Capítulo Noventa: Jamais Poderia Imaginar (Três em Um)
A aparição da cobra negra foi apenas um pequeno episódio, perdido e esquecido, e Bifang não se deteve nisso. Afinal, ainda eram dez horas, longe do horário do almoço, e havia uma extensa montanha pela frente; certamente encontraria algum ser vivo.
A presença da cobra, no entanto, serviu como um exemplo perfeito, que Bifang imediatamente utilizou como lição. Ele ergueu o bastão de madeira em suas mãos, chamando a atenção dos espectadores.
— Viram só? Acabamos de comprovar o quão importante é ter um bastão de exploração ao caminhar na natureza. Ele não apenas nos ajuda a distribuir o peso corporal e reduzir o esforço, como também permite detectar perigos antecipadamente, especialmente serpentes venenosas! No deserto, basta uma mordida para praticamente decretar a morte.
Os comentários explodiram:
“Impressionante, esse bastão é realmente uma ferramenta divina, explorando o terreno e economizando energia!”
“Estou apaixonado por esse pedaço de madeira!”
“Por que não há salvação? Não dizem que é possível sugar o veneno? Sempre li sobre procedimentos de primeiros socorros em casos de mordida de serpente...”
“Pois é, nos livros dizem que há solução, por que aqui não funciona?”
Bifang viu o último comentário e sorriu com um toque de ironia.
— Vocês já notaram que todos esses manuais trazem uma frase em comum?
Curiosos, os espectadores admitiram nunca ter prestado atenção a esse detalhe.
— “Procure imediatamente assistência médica.”
Muitos espectadores ficaram sem palavras, esperando que Bifang revelasse algum conhecimento sofisticado. Mas era isso? Todos sabem que uma mordida de cobra requer hospital; não é novidade.
— Não subestimem essa frase. Não importa quão bonitos e lógicos sejam os argumentos anteriores, nada supera a importância desse conselho.

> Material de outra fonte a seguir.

(* Let $\mathcal S$ be a $\Rsh$-closed $\diamond\cap$-closed subset of a finite multi-algebra $\mathcal A=\mathcal A_1\times\cdots\times\mathcal A_m$. If for all distinct $i,j\in\{1,\dots,m\}$ every network with only three variables over the bi-slice $\mathcal S_{i,j}$ is dissociable, then $\mathcal S$ is dissociable.
   Context: A finite non-associative algebra is a tuple $(\mathcal A,\cup,\neg,\emptyset,\mathcal B,\diamond,\overline{\cdot},e)$ where $(\mathcal A,\cup,\neg,\emptyset,\mathcal B)$ is a finite Boolean algebra (with $x\cap y=\neg(\neg x\cup\neg y)$) and for all $x,y,z$: $\overline{\overline x}=x$, $\overline{x\cup y}=\overline x\cup\overline y$, $\overline{x\diamond y}=\overline y\diamond\overline x$, $e\diamond x=x\diamond e=x$, $x\diamond(y\cup z)=(x\diamond y)\cup(x\diamond z)$, $(x\diamond y)\cap\overline z=\emptyset\iff(y\diamond z)\cap\overline x=\emptyset$. $r\subseteq r'$ means $r\cup r'=r'$. A projection operator from $\mathcal A$ to $\mathcal A'$ is a map $\Rsh$ with $\Rsh(r\cup r')=\Rsh r\cup\Rsh r'$ and $\Rsh\overline r=\overline{\Rsh r}$. A finite multi-algebra is a product $\mathcal A_1\times\cdots\times\mathcal A_m$ of finite non-associative algebras with projection operators $\Rsh_i^j:\mathcal A_i\to\mathcal A_j$ for all distinct $i,j$; $\subseteq,\diamond,\cap,\overline{\cdot}$ on relations $R=(R_1,\dots,R_m)$ componentwise. $R$ is closed under projection if $R_j\subseteq\Rsh_i^jR_i$ for all distinct $i,j$; the projection closure $\Rsh R$ is obtained by repeatedly replacing $R_j$ by $R_j\cap\Rsh_i^jR_i$ until a fixed point. A network over $\mathcal S\subseteq\mathcal A$ is a finite set $E$ of variables with $N^{xy}\in\mathcal S$ for all distinct $x,y\in E$, $N^{yx}=\overline{N^{xy}}$; $N_i^{xy}=(N^{xy})_i$. $N$ is trivially inconsistent if some $N_i^{xy}=\emptyset$; closed under composition if $N^{xz}\subseteq N^{xy}\diamond N^{yz}$ for all distinct $x,y,z$; closed under projection if all $N^{xy}$ are; algebraically consistent if closed under both and not trivially inconsistent. $N$ is dissociable if replacing each $N^{xy}$ by $\Rsh N^{xy}$ and then closing under composition (repeating $N^{xz}\leftarrow N^{xz}\cap(N^{xy}\diamond N^{yz})$ to a fixed point) yields a network that is algebraically consistent or trivially inconsistent; a subset is dissociable if every network over it is. $\mathcal S$ is $\diamond\cap$-closed if $(R\diamond R')\cap R''\in\mathcal S$ for all $R,R',R''\in\mathcal S$, and $\Rsh$-closed if $\Rsh R\in\mathcal S$ for all $R\in\mathcal S$. The bi-slice $\mathcal A_{i,j}$ is the multi-algebra $\mathcal A_i\times\mathcal A_j$ with projections $\Rsh_i^j,\Rsh_j^i$; the bi-slice of $\mathcal S$ is $\mathcal S_{i,j}=\{(R_i,R_j):R\in\mathcal S\}\subseteq\mathcal A_{i,j}$. *)

theory Defs
  imports Main "HOL-Library.While_Combinator"
begin

record 'a nalg =
  carrier :: "'a set"
  join :: "'a \<Rightarrow> 'a \<Rightarrow> 'a"
  neg :: "'a \<Rightarrow> 'a"
  bot :: 'a
  top :: 'a
  comp :: "'a \<Rightarrow> 'a \<Rightarrow> 'a"
  conv :: "'a \<Rightarrow> 'a"
  ident :: 'a

definition meet :: "('a, 'b) nalg_scheme \<Rightarrow> 'a \<Rightarrow> 'a \<Rightarrow> 'a" where
  "meet A x y = neg A (join A (neg A x) (neg A y))"

definition le :: "('a, 'b) nalg_scheme \<Rightarrow> 'a \<Rightarrow> 'a \<Rightarrow> bool" where
  "le A x y \<longleftrightarrow> join A x y = y"

text \<open>Finite Boolean algebra on the carrier (Huntington's postulates, meet defined by De Morgan).\<close>
definition finite_boolean_algebra :: "('a, 'b) nalg_scheme \<Rightarrow> bool" where
  "finite_boolean_algebra A \<longleftrightarrow>
     finite (carrier A) \<and> bot A \<in> carrier A \<and> top A \<in> carrier A \<and>
     (\<forall>x\<in>carrier A. \<forall>y\<in>carrier A. join A x y \<in> carrier A) \<and>
     (\<forall>x\<in>carrier A. neg A x \<in> carrier A) \<and>
     (\<forall>x\<in>carrier A. \<forall>y\<in>carrier A. \<forall>z\<in>carrier A.
        join A x y = join A y x \<and> meet A x y = meet A y x \<and>
        join A x (meet A y z) = meet A (join A x y) (join A x z) \<and>
        meet A x (join A y z) = join A (meet A x y) (meet A x z) \<and>
        join A x (bot A) = x \<and> meet A x (top A) = x \<and>
        join A x (neg A x) = top A \<and> meet A x (neg A x) = bot A)"

definition nalg :: "('a, 'b) nalg_scheme \<Rightarrow> bool" where
  "nalg A \<longleftrightarrow> finite_boolean_algebra A \<and> ident A \<in> carrier A \<and>
     (\<forall>x\<in>carrier A. \<forall>y\<in>carrier A. comp A x y \<in> carrier A) \<and>
     (\<forall>x\<in>carrier A. conv A x \<in> carrier A) \<and>
     (\<forall>x\<in>carrier A. \<forall>y\<in>carrier A. \<forall>z\<in>carrier A.
        conv A (conv A x) = x \<and>
        conv A (join A x y) = join A (conv A x) (conv A y) \<and>
        conv A (comp A x y) = comp A (conv A y) (conv A x) \<and>
        comp A (ident A) x = x \<and> comp A x (ident A) = x \<and>
        comp A x (join A y z) = join A (comp A x y) (comp A x z) \<and>
        (meet A (comp A x y) (conv A z) = bot A \<longleftrightarrow>
         meet A (comp A y z) (conv A x) = bot A))"

text \<open>A multi-algebra with m components (indexed 0..<m), components A i and
  projection operators P i j : A i \<rightarrow> A j for distinct i, j.
  Relations are lists of length m.\<close>

definition multi_algebra ::
  "nat \<Rightarrow> (nat \<Rightarrow> 'a nalg) \<Rightarrow> (nat \<Rightarrow> nat \<Rightarrow> 'a \<Rightarrow> 'a) \<Rightarrow> bool" where
  "multi_algebra m A P \<longleftrightarrow>
     (\<forall>i<m. nalg (A i)) \<and>
     (\<forall>i<m. \<forall>j<m. i \<noteq> j \<longrightarrow>
        (\<forall>r\<in>carrier (A i). P i j r \<in> carrier (A j) \<and>
           P i j (conv (A i) r) = conv (A j) (P i j r) \<and>
           (\<forall>r'\<in>carrier (A i). P i j (join (A i) r r') = join (A j) (P i j r) (P i j r'))))"

definition is_rel :: "nat \<Rightarrow> (nat \<Rightarrow> 'a nalg) \<Rightarrow> 'a list \<Rightarrow> bool" where
  "is_rel m A R \<longleftrightarrow> length R = m \<and> (\<forall>i<m. R ! i \<in> carrier (A i))"

definition rcomp :: "nat \<Rightarrow> (nat \<Rightarrow> 'a nalg) \<Rightarrow> 'a list \<Rightarrow> 'a list \<Rightarrow> 'a list" where
  "rcomp m A R R' = map (\<lambda>i. comp (A i) (R ! i) (R' ! i)) [0..<m]"

definition rmeet :: "nat \<Rightarrow> (nat \<Rightarrow> 'a nalg) \<Rightarrow> 'a list \<Rightarrow> 'a list \<Rightarrow> 'a list" where
  "rmeet m A R R' = map (\<lambda>i. meet (A i) (R ! i) (R' ! i)) [0..<m]"

definition rconv :: "nat \<Rightarrow> (nat \<Rightarrow> 'a nalg) \<Rightarrow> 'a list \<Rightarrow> 'a list" where
  "rconv m A R = map (\<lambda>i. conv (A i) (R ! i)) [0..<m]"

definition rle :: "nat \<Rightarrow> (nat \<Rightarrow> 'a nalg) \<Rightarrow> 'a list \<Rightarrow> 'a list \<Rightarrow> bool" where
  "rle m A R R' \<longleftrightarrow> (\<forall>i<m. le (A i) (R ! i) (R' ! i))"

definition proj_closed ::
  "nat \<Rightarrow> (nat \<Rightarrow> 'a nalg) \<Rightarrow> (nat \<Rightarrow> nat \<Rightarrow> 'a \<Rightarrow> 'a) \<Rightarrow> 'a list \<Rightarrow> bool" where
  "proj_closed m A P R \<longleftrightarrow>
     (\<forall>i<m. \<forall>j<m. i \<noteq> j \<longrightarrow> le (A j) (R ! j) (P i j (R ! i)))"

definition proj_pair_step ::
  "(nat \<Rightarrow> 'a nalg) \<Rightarrow> (nat \<Rightarrow> nat \<Rightarrow> 'a \<Rightarrow> 'a) \<Rightarrow> nat \<times> nat \<Rightarrow> 'a list \<Rightarrow> 'a list" where
  "proj_pair_step A P ij R =
     (case ij of (i, j) \<Rightarrow> R[j := meet (A j) (R ! j) (P i j (R ! i))])"

definition proj_round ::
  "nat \<Rightarrow> (nat \<Rightarrow> 'a nalg) \<Rightarrow> (nat \<Rightarrow> nat \<Rightarrow> 'a \<Rightarrow> 'a) \<Rightarrow> 'a list \<Rightarrow> 'a list" where
  "proj_round m A P R =
     fold (proj_pair_step A P) [(i, j). i \<leftarrow> [0..<m], j \<leftarrow> [0..<m], i \<noteq> j] R"

definition proj_closure ::
  "nat \<Rightarrow> (nat \<Rightarrow> 'a nalg) \<Rightarrow> (nat \<Rightarrow> nat \<Rightarrow> 'a \<Rightarrow> 'a) \<Rightarrow> 'a list \<Rightarrow> 'a list" where
  "proj_closure m A P R =
     the (while_option (\<lambda>R. proj_round m A P R \<noteq> R) (proj_round m A P) R)"

definition network_over ::
  "nat \<Rightarrow> (nat \<Rightarrow> 'a nalg) \<Rightarrow> 'a list set \<Rightarrow> nat set \<Rightarrow> (nat \<Rightarrow> nat \<Rightarrow> 'a list) \<Rightarrow> bool" where
  "network_over m A S E N \<longleftrightarrow> finite E \<and>
     (\<forall>x\<in>E. \<forall>y\<in>E. x \<noteq> y \<longrightarrow> N x y \<in> S \<and> N y x = rconv m A (N x y))"

definition triv_inconsistent ::
  "nat \<Rightarrow> (nat \<Rightarrow> 'a nalg) \<Rightarrow> nat set \<Rightarrow> (nat \<Rightarrow> nat \<Rightarrow> 'a list) \<Rightarrow> bool" where
  "triv_inconsistent m A E N \<longleftrightarrow>
     (\<exists>x\<in>E. \<exists>y\<in>E. x \<noteq> y \<and> (\<exists>i<m. N x y ! i = bot (A i)))"

definition comp_closed ::
  "nat \<Rightarrow> (nat \<Rightarrow> 'a nalg) \<Rightarrow> nat set \<Rightarrow> (nat \<Rightarrow> nat \<Rightarrow> 'a list) \<Rightarrow> bool" where
  "comp_closed m A E N \<longleftrightarrow>
     (\<forall>x\<in>E. \<forall>y\<in>E. \<forall>z\<in>E. x \<noteq> y \<and> y \<noteq> z \<and> x \<noteq> z \<longrightarrow>
        rle m A (N x z) (rcomp m A (N x y) (N y z)))"

definition net_proj_closed ::
  "nat \<Rightarrow> (nat \<Rightarrow> 'a nalg) \<Rightarrow> (nat \<Rightarrow> nat \<Rightarrow> 'a \<Rightarrow> 'a) \<Rightarrow> nat set \<Rightarrow> (nat \<Rightarrow> nat \<Rightarrow> 'a list) \<Rightarrow> bool" where
  "net_proj_closed m A P E N \<longleftrightarrow>
     (\<forall>x\<in>E. \<forall>y\<in>E. x \<noteq> y \<longrightarrow> proj_closed m A P (N x y))"

definition alg_consistent ::
  "nat \<Rightarrow> (nat \<Rightarrow> 'a nalg) \<Rightarrow> (nat \<Rightarrow> nat \<Rightarrow> 'a \<Rightarrow> 'a) \<Rightarrow> nat set \<Rightarrow> (nat \<Rightarrow> nat \<Rightarrow> 'a list) \<Rightarrow> bool" where
  "alg_consistent m A P E N \<longleftrightarrow>
     comp_closed m A E N \<and> net_proj_closed m A P E N \<and> \<not> triv_inconsistent m A E N"

definition comp_triple_step ::
  "nat \<Rightarrow> (nat \<Rightarrow> 'a nalg) \<Rightarrow> nat \<times> nat \<times> nat \<Rightarrow> (nat \<Rightarrow> nat \<Rightarrow> 'a list) \<Rightarrow> (nat \<Rightarrow> nat \<Rightarrow> 'a list)" where
  "comp_triple_step m A xyz N =
     (case xyz of (x, y, z) \<Rightarrow>
        (let r = rmeet m A (N x z) (rcomp m A (N x y) (N y z))
         in (\<lambda>a b. if a = x \<and> b = z then r
                    else if a = z \<and> b = x then rconv m A r
                    else N a b)))"

definition comp_round ::
  "nat \<Rightarrow> (nat \<Rightarrow> 'a nalg) \<Rightarrow> nat set \<Rightarrow> (nat \<Rightarrow> nat \<Rightarrow> 'a list) \<Rightarrow> (nat \<Rightarrow> nat \<Rightarrow> 'a list)" where
  "comp_round m A E N =
     fold (comp_triple_step m A)
       [(x, y, z). x \<leftarrow> sorted_list_of_set E, y \<leftarrow> sorted_list_of_set E,
                   z \<leftarrow> sorted_list_of_set E, x \<noteq> y \<and> y \<noteq> z \<and> x \<noteq> z] N"

definition comp_closure ::
  "nat \<Rightarrow> (nat \<Rightarrow> 'a nalg) \<Rightarrow> nat set \<Rightarrow> (nat \<Rightarrow> nat \<Rightarrow> 'a list) \<Rightarrow> (nat \<Rightarrow> nat \<Rightarrow> 'a list)" where
  "comp_closure m A E N =
     the (while_option (\<lambda>N. comp_round m A E N \<noteq> N) (comp_round m A E) N)"

definition dissociable_net ::
  "nat \<Rightarrow> (nat \<Rightarrow> 'a nalg) \<Rightarrow> (nat \<Rightarrow> nat \<Rightarrow> 'a \<Rightarrow> 'a) \<Rightarrow> nat set \<Rightarrow> (nat \<Rightarrow> nat \<Rightarrow> 'a list) \<Rightarrow> bool" where
  "dissociable_net m A P E N \<longleftrightarrow>
     (let N' = comp_closure m A E (\<lambda>x y. proj_closure m A P (N x y))
      in alg_consistent m A P E N' \<or> triv_inconsistent m A E N')"

definition dissociable_set ::
  "nat \<Rightarrow> (nat \<Rightarrow> 'a nalg) \<Rightarrow> (nat \<Rightarrow> nat \<Rightarrow> 'a \<Rightarrow> 'a) \<Rightarrow> 'a list set \<Rightarrow> bool" where
  "dissociable_set m A P S \<longleftrightarrow>
     (\<forall>E N. network_over m A S E N \<longrightarrow> dissociable_net m A P E N)"

definition proj_closed_set ::
  "nat \<Rightarrow> (nat \<Rightarrow> 'a nalg) \<Rightarrow> (nat \<Rightarrow> nat \<Rightarrow> 'a \<Rightarrow> 'a) \<Rightarrow> 'a list set \<Rightarrow> bool" where
  "proj_closed_set m A P S \<longleftrightarrow> (\<forall>R\<in>S. proj_closure m A P R \<in> S)"

definition comp_meet_closed_set :: "nat \<Rightarrow> (nat \<Rightarrow> 'a nalg) \<Rightarrow> 'a list set \<Rightarrow> bool" where
  "comp_meet_closed_set m A S \<longleftrightarrow>
     (\<forall>R\<in>S. \<forall>R'\<in>S. \<forall>R''\<in>S. rmeet m A (rcomp m A R R') R'' \<in> S)"

definition bislice_alg :: "(nat \<Rightarrow> 'a nalg) \<Rightarrow> nat \<Rightarrow> nat \<Rightarrow> (nat \<Rightarrow> 'a nalg)" where
  "bislice_alg A i j = (\<lambda>k. if k = 0 then A i else A j)"

definition bislice_proj ::
  "(nat \<Rightarrow> nat \<Rightarrow> 'a \<Rightarrow> 'a) \<Rightarrow> nat \<Rightarrow> nat \<Rightarrow> (nat \<Rightarrow> nat \<Rightarrow> 'a \<Rightarrow> 'a)" where
  "bislice_proj P i j = (\<lambda>a b. if a = 0 then P i j else P j i)"

definition bislice_set :: "'a list set \<Rightarrow> nat \<Rightarrow> nat \<Rightarrow> 'a list set" where
  "bislice_set S i j = (\<lambda>R. [R ! i, R ! j]) ` S"

end

theory Submission
  imports Defs
begin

Vendo os questionamentos, Bifang sorriu e estendeu três dedos:
— Se for mordido por uma serpente, há apenas três coisas a fazer: primeiro, tente diminuir a circulação sanguínea na área afetada; segundo, tire uma foto da cobra; terceiro, corra para o hospital. Não confie em métodos de sugar veneno, especialmente na natureza.
— Em minhas experiências anteriores, a sobrevivência era incerta, nem sempre conseguia uma alimentação equilibrada. Nessas condições, sangramento gengival é quase inevitável. Sugar o veneno só faz com que ele se espalhe para outra área, mais próxima do cérebro!
— Enfim, mesmo para mim, o encontro com uma cobra venenosa na natureza exige cautela. Por isso sempre começo procurando um bastão de exploração; é realmente uma ferramenta indispensável.
Os comentários continuaram:
“Filmes me enganaram, sempre achei que era possível sugar o veneno.”
“Fui ludibriado...”
“Falando nisso, tenho sangramento nas gengivas...”
“Normal, muita gente tem, você não está sozinho.”
“Essa cobra foi rápida demais, rastejou mais rápido que gente.”
“Sim, ela apareceu tão de repente que nem tive tempo de reagir.”
— Essa é minha segunda observação — disse Bifang, elogiando os espectadores que colaboravam com o bate-papo, essencial para manter a conversa fluindo.
— Os animais geralmente nos detectam antes de serem detectados, pois têm altíssima vigilância. Diferente de nós, que vivemos nas cidades, eles enfrentam ameaças de morte diariamente. A cena de agora há pouco é um exemplo clássico.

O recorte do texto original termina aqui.